__ASSIGNED TASK__.
Every line of the entries below from the one containing "obtains T' where" to the one containing "det_nonzero_if_right_inverse[OF M R MR])", both ends included, must be written out exactly. No other line belongs in the answer.

__RAW DATA__.
lemma right_inverse_zero_row_basis:
  fixes A G :: "real mat"
  assumes A: "A \<in> carrier_mat r (r + 1)" and G: "G \<in> carrier_mat (r + 1) r"
    and AG: "A * G = 1\<^sub>m r" and t: "t < r + 1" and zero_row: "\<forall>j<r. G $$ (t, j) = 0"
  obtains T' where "adm_cols r T'" "det (col_submat A T') \<noteq> 0"
    "norm1_mat (inv_mat (col_submat A T')) = norm1_mat G"
proof
  define T' where "T' = filter (\<lambda>i. i \<noteq> t) [0..<r + 1]"
  have T': "distinct T'" "set T' = {0..<r + 1} - {t}" unfolding T'_def by auto
  then have "length T' = r" using distinct_card[OF T'(1)] t by simp
  then show adm: "adm_cols r T'" unfolding adm_cols_def using T' by auto
  have zero: "\<And>i j. i < r + 1 \<Longrightarrow> i \<notin> set T' \<Longrightarrow> j < r \<Longrightarrow> G $$ (i, j) = 0"
    using zero_row T'(2) by auto
  have M: "col_submat A T' \<in> carrier_mat r r" and R: "row_submat G T' \<in> carrier_mat r r"
    using A G \<open>length T' = r\<close> unfolding col_submat_def row_submat_def by auto
  have MR: "col_submat A T' * row_submat G T' = 1\<^sub>m r"
    using col_submat_mult_row_submat[OF A G T'(1) _ zero] T'(2) AG by auto
  show "det (col_submat A T') \<noteq> 0" by (rule det_nonzero_if_right_inverse[OF M R MR])
  show "norm1_mat (inv_mat (col_submat A T')) = norm1_mat G"
    using inv_mat_eqI[OF M R MR] norm1_row_submat[OF G T'(1) _ zero] T'(2) by auto
qed

lemma adm_cols_missing_index:
  assumes "adm_cols r T"
  obtains k where "k < r + 1" "k \<notin> set T"
proof -
  have "card (set T) \<noteq> card {0..<r + 1}"
    using assms distinct_card[of T] unfolding adm_cols_def by simp
  then have "set T \<noteq> {0..<r + 1}" by metis
  then obtain k where "k \<in> {0..<r + 1} - set T" using assms unfolding adm_cols_def by blast
  then show ?thesis using that by auto
qed

lemma right_inverse_reflexive_ah_symmetric:
  fixes A H :: "'a :: comm_ring_1 mat"
  assumes A: "A \<in> carrier_mat m n" and H: "H \<in> carrier_mat n m" and AH: "A * H = 1\<^sub>m m"
  shows "A * H * A = A" "H * A * H = H" "transpose_mat (A * H) = A * H"
proof -
  show "A * H * A = A" using left_mult_one_mat[OF A] AH by simp
  have "H * A * H = H * (A * H)" using A H by simp
  then show "H * A * H = H" using right_mult_one_mat[OF H] AH by simp
  show "transpose_mat (A * H) = A * H" using AH by simp
qed

lemma generalized_inverse_is_right_inverse:
  fixes A G H :: "'a :: comm_ring_1 mat"
  assumes A: "A \<in> carrier_mat m n" and H: "H \<in> carrier_mat n m" and AH: "A * H = 1\<^sub>m m"
    and G: "G \<in> carrier_mat n m" and AGA: "A * G * A = A"
  shows "A * G = 1\<^sub>m m"
proof -
  have "A * G = A * G * (A * H)" using right_mult_one_mat[OF mult_carrier_mat[OF A G]] AH by simp
  also have "\<dots> = (A * G * A) * H" using assoc_mult_mat[OF mult_carrier_mat[OF A G] A H] by simp
  finally show ?thesis using AGA AH by simp
qed

lemma right_inverse_zero_row_kernel_vector:
  fixes A H :: "real mat"
  assumes A: "A \<in> carrier_mat m n" and H: "H \<in> carrier_mat n m" and AH: "A * H = 1\<^sub>m m"
    and k: "k < n" and zero_row: "\<forall>j<m. H $$ (k, j) = 0"
  obtains d where "d \<in> carrier_vec n" "A *\<^sub>v d = 0\<^sub>v m" "d \<noteq> 0\<^sub>v n"
proof
  define d where "d = col (1\<^sub>m n - H * A) k"
  show "d \<in> carrier_vec n" unfolding d_def using H A by (simp add: carrier_vecI)
  have "A * (1\<^sub>m n - H * A) = A - A * H * A"
    using mult_minus_distrib_mat[OF A one_carrier_mat mult_carrier_mat[OF H A]]
      right_mult_one_mat[OF A] assoc_mult_mat[OF A H A] by simp
  also have "\<dots> = 0\<^sub>m m n" using left_mult_one_mat[OF A] AH A by simp
  moreover have "A *\<^sub>v d = col (A * (1\<^sub>m n - H * A)) k"
    unfolding d_def using H A k by (intro col_mult2[symmetric]) auto
  ultimately show "A *\<^sub>v d = 0\<^sub>v m" using k by auto
  have "(H * A) $$ (k, k) = 0"
    using mult_mat_entry[OF H A k k] zero_row by simp
  then have "d $ k = 1" unfolding d_def using A H k by simp
  then show "d \<noteq> 0\<^sub>v n" using k by auto
qed

subsection \<open>Eliminating a row of a right inverse along a kernel vector\<close>

definition eliminate_row :: "'a :: field mat \<Rightarrow> 'a vec \<Rightarrow> nat \<Rightarrow> 'a mat" where
  "eliminate_row G d t = mat (dim_row G) (dim_col G) (\<lambda>(i, j). G $$ (i, j) - d $ i / d $ t * G $$ (t, j))"

lemma eliminate_row_dim [simp]:
  "dim_row (eliminate_row G d t) = dim_row G" "dim_col (eliminate_row G d t) = dim_col G"
  unfolding eliminate_row_def by auto

lemma eliminate_row_carrier: "G \<in> carrier_mat n p \<Longrightarrow> eliminate_row G d t \<in> carrier_mat n p"
  unfolding carrier_mat_def by simp

lemma eliminate_row_zero:
  "d $ t \<noteq> 0 \<Longrightarrow> t < dim_row G \<Longrightarrow> j < dim_col G \<Longrightarrow> eliminate_row G d t $$ (t, j) = 0"
  unfolding eliminate_row_def by simp

lemma mult_eliminate_row:
  fixes A G :: "'a :: field mat"
  assumes A: "A \<in> carrier_mat m n" and G: "G \<in> carrier_mat n p"
    and d: "d \<in> carrier_vec n" and Ad: "A *\<^sub>v d = 0\<^sub>v m"
  shows "A * eliminate_row G d t = A * G"
proof (rule eq_matI)
  fix i j assume "i < dim_row (A * G)" and "j < dim_col (A * G)"
  then have i: "i < m" and j: "j < p" using A G by auto
  have kernel: "(\<Sum>l<n. A $$ (i, l) * d $ l) = 0"
    using arg_cong[OF Ad, of "\<lambda>v. v $ i"] i A d
    by (auto simp: scalar_prod_def lessThan_atLeast0 intro: sum.cong)
  have "(A * eliminate_row G d t) $$ (i, j) = (\<Sum>l<n. A $$ (i, l) * eliminate_row G d t $$ (l, j))"
    by (rule mult_mat_entry[OF A eliminate_row_carrier[OF G] i j])
  also have "\<dots> = (\<Sum>l<n. A $$ (i, l) * G $$ (l, j) - A $$ (i, l) * d $ l * (G $$ (t, j) / d $ t))"
    using j G by (auto simp: eliminate_row_def algebra_simps intro!: sum.cong)
  also have "\<dots> = (A * G) $$ (i, j) - (\<Sum>l<n. A $$ (i, l) * d $ l) * (G $$ (t, j) / d $ t)"
    by (simp only: mult_mat_entry[OF A G i j] sum_subtractf sum_distrib_right)
  finally show "(A * eliminate_row G d t) $$ (i, j) = (A * G) $$ (i, j)" using kernel by simp
qed (use A G in \<open>auto simp: eliminate_row_def\<close>)

lemma norm1_eliminate_row_le:
  fixes G :: "real mat"
  assumes G: "G \<in> carrier_mat n p" and d: "d \<in> carrier_vec n" and t: "t < n" and dt: "d $ t \<noteq> 0"
  shows "norm1_mat (eliminate_row G d t)
    \<le> norm1_mat G - 2 * norm1_vec (row G t) + norm1_vec d / \<bar>d $ t\<bar> * norm1_vec (row G t)"
proof -
  define a where "a i = norm1_vec (row G i)" for i
  have a: "a i = (\<Sum>j<p. \<bar>G $$ (i, j)\<bar>)" if "i < n" for i
    using G that unfolding a_def norm1_vec_def by simp
  have row_le: "norm1_vec (row (eliminate_row G d t) i)
      \<le> a i + \<bar>d $ i\<bar> / \<bar>d $ t\<bar> * a t - (if i = t then a t + \<bar>d $ t\<bar> / \<bar>d $ t\<bar> * a t else 0)"
    if i: "i < n" for i
  proof (cases "i = t")
    case True
    then show ?thesis using G i dt unfolding norm1_vec_def eliminate_row_def by simp
  next
    case False
    have "norm1_vec (row (eliminate_row G d t) i) = (\<Sum>j<p. \<bar>G $$ (i, j) - d $ i / d $ t * G $$ (t, j)\<bar>)"
      using G i unfolding norm1_vec_def eliminate_row_def by simp
    also have "\<dots> \<le> (\<Sum>j<p. \<bar>G $$ (i, j)\<bar> + \<bar>d $ i\<bar> / \<bar>d $ t\<bar> * \<bar>G $$ (t, j)\<bar>)"
      by (rule sum_mono) (simp add: abs_mult order_trans[OF abs_triangle_ineq4])
    also have "\<dots> = a i + \<bar>d $ i\<bar> / \<bar>d $ t\<bar> * a t"
      using i t by (simp add: a sum.distrib sum_distrib_left)
    finally show ?thesis using False by simp
  qed
  have "norm1_mat (eliminate_row G d t) = (\<Sum>i<n. norm1_vec (row (eliminate_row G d t) i))"
    using carrier_matD[OF G] by (simp add: norm1_mat_eq_sum_rows)
  also have "\<dots> \<le> (\<Sum>i<n. a i + \<bar>d $ i\<bar> / \<bar>d $ t\<bar> * a t - (if i = t then a t + \<bar>d $ t\<bar> / \<bar>d $ t\<bar> * a t else 0))"
    by (rule sum_mono) (use row_le in simp)
  also have "\<dots> = norm1_mat G - 2 * a t + norm1_vec d / \<bar>d $ t\<bar> * a t"
    using G d t dt
    by (simp add: norm1_mat_eq_sum_rows norm1_vec_def a_def sum_subtractf sum.distrib
        sum_divide_distrib[symmetric] sum_distrib_right[symmetric])
  finally show ?thesis unfolding a_def .
qed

__YOUR RESPONSE__.
  obtains T' where "adm_cols r T'" "det (col_submat A T') \<noteq> 0"
    "norm1_mat (inv_mat (col_submat A T')) = norm1_mat G"
proof
  define T' where "T' = filter (\<lambda>i. i \<noteq> t) [0..<r + 1]"
  have T': "distinct T'" "set T' = {0..<r + 1} - {t}" unfolding T'_def by auto
  then have "length T' = r" using distinct_card[OF T'(1)] t by simp
  then show adm: "adm_cols r T'" unfolding adm_cols_def using T' by auto
  have zero: "\<And>i j. i < r + 1 \<Longrightarrow> i \<notin> set T' \<Longrightarrow> j < r \<Longrightarrow> G $$ (i, j) = 0"
    using zero_row T'(2) by auto
  have M: "col_submat A T' \<in> carrier_mat r r" and R: "row_submat G T' \<in> carrier_mat r r"
    using A G \<open>length T' = r\<close> unfolding col_submat_def row_submat_def by auto
  have MR: "col_submat A T' * row_submat G T' = 1\<^sub>m r"
    using col_submat_mult_row_submat[OF A G T'(1) _ zero] T'(2) AG by auto
  show "det (col_submat A T') \<noteq> 0" by (rule det_nonzero_if_right_inverse[OF M R MR])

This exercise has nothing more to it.